Within a month, unemployment rose from 6.7% on 15 March to 26% on 19 April.[1] During the lockdown, an estimated 14 crore (140 million) people lost employment.[1] More than 45% of households across the nation have reported an income drop as compared to the previous year.[2] The Indian economy was expected to lose over ₹32,000 crore (US$4.5 billion) every day during the first 21-days of complete lockdown, which was declared following the coronavirus outbreak.[3]Under complete lockdown, less than a quarter of India's $2.8 trillion economic movement was functional.[5] Up to 53% of businesses in the country were projected to be significantly affected.[6] Supply chains have been put under stress with the lockdown restrictions in place; initially, there was a lack of clarity in streamlining what an "essential" is and what is not.[7] Those in the informal sectors and daily wage groups are the most at risk.[8] A large number of farmers around the country who grow perishables are also facing uncertainty.
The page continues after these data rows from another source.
(* Let $V$ be a finite family of L-frames all anchored at $D$ from above, $G$ its intersection graph, and $\mathcal B,\mathcal R\subseteq V$ disjoint dominating sets of $G$. Let $H=(\mathcal B\cup\mathcal R,E')$ be the bipartite graph and its drawing defined in the context. Then in this drawing no two arcs cross except at common endpoints: no two top arcs cross, no two down arcs cross, no mixed arc crosses a top arc, no mixed arc crosses a down arc, and no two mixed arcs cross. In particular $H$ is planar.
   Context: Fix a line $D$ of slope $-1$. An L-frame is the union of a closed horizontal segment and a closed vertical segment sharing an endpoint, its corner $\mathrm{cor}(\cdot)$. An L-frame is anchored at $D$ from above if its corner is on $D$, its horizontal segment goes right from the corner and its vertical segment goes up. For intersecting L-frames $L_1,L_2$ anchored from above, $L_1$ intersects $L_2$ from the left if $x(\mathrm{cor}(L_1))\le x(\mathrm{cor}(L_2))$, and from below if $x(\mathrm{cor}(L_1))\ge x(\mathrm{cor}(L_2))$. Definition of $H$: for each $u\in V$, among all pairs $(b,r)\in\mathcal B\times\mathcal R$ such that both $b$ and $r$ intersect $u$ (an L-frame intersects itself), choose one pair minimizing the Euclidean distance $\mathrm{dist}(\mathrm{cor}(b),\mathrm{cor}(r))$ and put $(b,r)$ in $E'$; $u$ is called a witness of $(b,r)$. An arc $(b,r)\in E'$ is a top arc if it has a witness $u$ that both $b$ and $r$ intersect from the left (fix such $u$ as $w(b,r)$); otherwise it is a down arc if it has a witness $v$ that both $b$ and $r$ intersect from below (fix such $v$ as $w(b,r)$); otherwise it is a mixed arc, and $w(b,r)$ is any witness (which $b$ and $r$ intersect from different sides). Drawing: vertex $u$ is placed at $\mathrm{cor}(u)\in D$. For an arc $(p,q)$ with $x(\mathrm{cor}(p))<x(\mathrm{cor}(q))$: a top (resp. down) arc is drawn as the half of the circle with diameter segment $\mathrm{cor}(p)\mathrm{cor}(q)$ lying above (resp. below) $D$. For a mixed arc, where $p$ intersects $w=w(p,q)$ from the left and $q$ intersects $w$ from below (so $x(\mathrm{cor}(p))<x(\mathrm{cor}(w))<x(\mathrm{cor}(q))$), it is drawn as the half of the circle with diameter $\mathrm{cor}(p)\mathrm{cor}(w)$ above $D$ followed by the half of the circle with diameter $\mathrm{cor}(w)\mathrm{cor}(q)$ below $D$. *)

theory Defs
  imports "HOL-Analysis.Analysis"
begin

definition lineD :: "real \<Rightarrow> (real \<times> real) set" where
  "lineD c = {p. fst p + snd p = c}"

text \<open>An L-frame whose horizontal segment goes right from its corner and whose
  vertical segment goes up from its corner is described by the triple
  (corner, length of horizontal segment, length of vertical segment).\<close>

type_synonym lframe = "(real \<times> real) \<times> real \<times> real"

definition cor :: "lframe \<Rightarrow> real \<times> real" where
  "cor L = fst L"

definition hlen :: "lframe \<Rightarrow> real" where
  "hlen L = fst (snd L)"

definition vlen :: "lframe \<Rightarrow> real" where
  "vlen L = snd (snd L)"

definition lset :: "lframe \<Rightarrow> (real \<times> real) set" where
  "lset L = closed_segment (cor L) (cor L + (hlen L, 0))
          \<union> closed_segment (cor L) (cor L + (0, vlen L))"

definition anchored_above :: "real \<Rightarrow> lframe \<Rightarrow> bool" where
  "anchored_above c L \<longleftrightarrow> cor L \<in> lineD c \<and> hlen L > 0 \<and> vlen L > 0"

definition intersects :: "lframe \<Rightarrow> lframe \<Rightarrow> bool" where
  "intersects L1 L2 \<longleftrightarrow> lset L1 \<inter> lset L2 \<noteq> {}"

definition from_left :: "lframe \<Rightarrow> lframe \<Rightarrow> bool" where
  "from_left L1 L2 \<longleftrightarrow> intersects L1 L2 \<and> fst (cor L1) \<le> fst (cor L2)"

definition from_below :: "lframe \<Rightarrow> lframe \<Rightarrow> bool" where
  "from_below L1 L2 \<longleftrightarrow> intersects L1 L2 \<and> fst (cor L1) \<ge> fst (cor L2)"

definition ig_adj :: "lframe set \<Rightarrow> lframe \<Rightarrow> lframe \<Rightarrow> bool" where
  "ig_adj V u v \<longleftrightarrow> u \<in> V \<and> v \<in> V \<and> u \<noteq> v \<and> intersects u v"

definition dominating :: "lframe set \<Rightarrow> lframe set \<Rightarrow> bool" where
  "dominating V S \<longleftrightarrow> S \<subseteq> V \<and> (\<forall>u\<in>V. u \<notin> S \<longrightarrow> (\<exists>s\<in>S. ig_adj V s u))"

definition valid_selection ::
  "lframe set \<Rightarrow> lframe set \<Rightarrow> lframe set \<Rightarrow> (lframe \<Rightarrow> lframe \<times> lframe) \<Rightarrow> bool" where
  "valid_selection V B R sel \<longleftrightarrow>
     (\<forall>u\<in>V. fst (sel u) \<in> B \<and> snd (sel u) \<in> R
        \<and> intersects (fst (sel u)) u \<and> intersects (snd (sel u)) u
        \<and> (\<forall>b\<in>B. \<forall>r\<in>R. intersects b u \<and> intersects r u \<longrightarrow>
              dist (cor (fst (sel u))) (cor (snd (sel u))) \<le> dist (cor b) (cor r)))"

definition arcs :: "lframe set \<Rightarrow> (lframe \<Rightarrow> lframe \<times> lframe) \<Rightarrow> (lframe \<times> lframe) set" where
  "arcs V sel = sel ` V"

definition witness ::
  "lframe set \<Rightarrow> (lframe \<Rightarrow> lframe \<times> lframe) \<Rightarrow> lframe \<Rightarrow> lframe \<times> lframe \<Rightarrow> bool" where
  "witness V sel u e \<longleftrightarrow> u \<in> V \<and> sel u = e"

definition top_arc :: "lframe set \<Rightarrow> (lframe \<Rightarrow> lframe \<times> lframe) \<Rightarrow> lframe \<times> lframe \<Rightarrow> bool" where
  "top_arc V sel e \<longleftrightarrow>
     (\<exists>u. witness V sel u e \<and> from_left (fst e) u \<and> from_left (snd e) u)"

definition down_arc :: "lframe set \<Rightarrow> (lframe \<Rightarrow> lframe \<times> lframe) \<Rightarrow> lframe \<times> lframe \<Rightarrow> bool" where
  "down_arc V sel e \<longleftrightarrow> \<not> top_arc V sel e \<and>
     (\<exists>v. witness V sel v e \<and> from_below (fst e) v \<and> from_below (snd e) v)"

definition mixed_arc :: "lframe set \<Rightarrow> (lframe \<Rightarrow> lframe \<times> lframe) \<Rightarrow> lframe \<times> lframe \<Rightarrow> bool" where
  "mixed_arc V sel e \<longleftrightarrow> e \<in> arcs V sel \<and> \<not> top_arc V sel e \<and> \<not> down_arc V sel e"

definition valid_witness_choice ::
  "lframe set \<Rightarrow> (lframe \<Rightarrow> lframe \<times> lframe) \<Rightarrow> (lframe \<times> lframe \<Rightarrow> lframe) \<Rightarrow> bool" where
  "valid_witness_choice V sel wit \<longleftrightarrow>
     (\<forall>e\<in>arcs V sel. witness V sel (wit e) e
        \<and> (top_arc V sel e \<longrightarrow> from_left (fst e) (wit e) \<and> from_left (snd e) (wit e))
        \<and> (down_arc V sel e \<longrightarrow> from_below (fst e) (wit e) \<and> from_below (snd e) (wit e)))"

definition upper_half :: "real \<Rightarrow> real \<times> real \<Rightarrow> real \<times> real \<Rightarrow> (real \<times> real) set" where
  "upper_half c P Q = {z. dist z (midpoint P Q) = dist P Q / 2 \<and> fst z + snd z \<ge> c}"

definition lower_half :: "real \<Rightarrow> real \<times> real \<Rightarrow> real \<times> real \<Rightarrow> (real \<times> real) set" where
  "lower_half c P Q = {z. dist z (midpoint P Q) = dist P Q / 2 \<and> fst z + snd z \<le> c}"

definition arc_curve ::
  "real \<Rightarrow> lframe set \<Rightarrow> (lframe \<Rightarrow> lframe \<times> lframe) \<Rightarrow> (lframe \<times> lframe \<Rightarrow> lframe)
     \<Rightarrow> lframe \<times> lframe \<Rightarrow> (real \<times> real) set" where
  "arc_curve c V sel wit e =
     (if top_arc V sel e then upper_half c (cor (fst e)) (cor (snd e))
      else if down_arc V sel e then lower_half c (cor (fst e)) (cor (snd e))
      else (let w = wit e;
                (p, q) = (if from_left (fst e) w \<and> from_below (snd e) w
                          then (fst e, snd e) else (snd e, fst e))
            in upper_half c (cor p) (cor w) \<union> lower_half c (cor w) (cor q)))"

end

theory Submission
  imports Defs
begin

text \<open>Every arc is a union of half-circles whose diameters join corners on D.  Two half-circles
  on opposite sides of D meet only on D, and two on the same side meet off D only if their
  diameters interleave.  Above D, each half-circle spans an interval of abscissae whose witness
  \<open>u\<close> lies at or right of it and which lies within the closest pair selected for \<open>u\<close>; by
  minimality of that pair, no frame of B \<union> R meeting \<open>u\<close> has its corner strictly inside the pair.
  Since L-frames reach right and up, two interleaving intervals would make an end of one meet the
  witness of the other strictly inside its pair.  Below D the same argument applies after
  reflection in a perpendicular of D, which exchanges horizontal and vertical.  Finally, common
  points on D are corners, and a corner shared by two arcs is an end of both: the witness \<open>w\<close> of a
  mixed arc lies in neither B nor R, and the arc is the pair selected for \<open>w\<close>.\<close>

section \<open>L-frames anchored on D\<close>

definition Dpt :: "real \<Rightarrow> real \<Rightarrow> real \<times> real" where
  "Dpt c p = (p, c - p)"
Various businesses such as hotels and airlines, are cutting salaries and laying off employees.
This can be solved or at least emerged from in the following ways:
1>(V-shaped recovery)
In this scenario, there will be a quick downturn in the first quarter of FY 2020-21 and a recovery from the second quarter onwards. A government stimulus will have the strongest impact, helping kickstart sectors such as construction and manufacturing. This hinges on the reduced spread of Covid-19 and minimal use of social distancing measures.
2>Invest in sustainable infrastructure
Infrastructure investments are an effective way to boost economic activity and create jobs. But what kind of infrastructure should be built? Data from the 2008-09 financial crisis shows that South Korea, which directed nearly 70% of its stimulus towards green measures, rebounded faster than other economies in the Organisation for Economic Co-operation and Development (OECD). In the United States’ 2009 Great Recession recovery package, investments in clean energy and public transport created more jobs than traditional investments.
India too should take this opportunity to increase support for renewable energy, particularly rooftop solar, through appropriate policies and business models. Decentralized solar power can help spread critical services in remote regions if the upfront capital constraints can be addressed. It should revisit the potential import duties on solar panels, since this may not increase domestic production, but may raise the cost of solar power.
Similarly, scaling up the electrification and adoption of public transport will be critically important to reduce traffic congestion and air pollution. This should involve closer coordination with the electricity sector and a greater focus on vehicle charging infrastructure. Continued investment in cold storage facilities and supply chains will ensure the preservation and timely delivery of agricultural produce and reduce losses to farmers.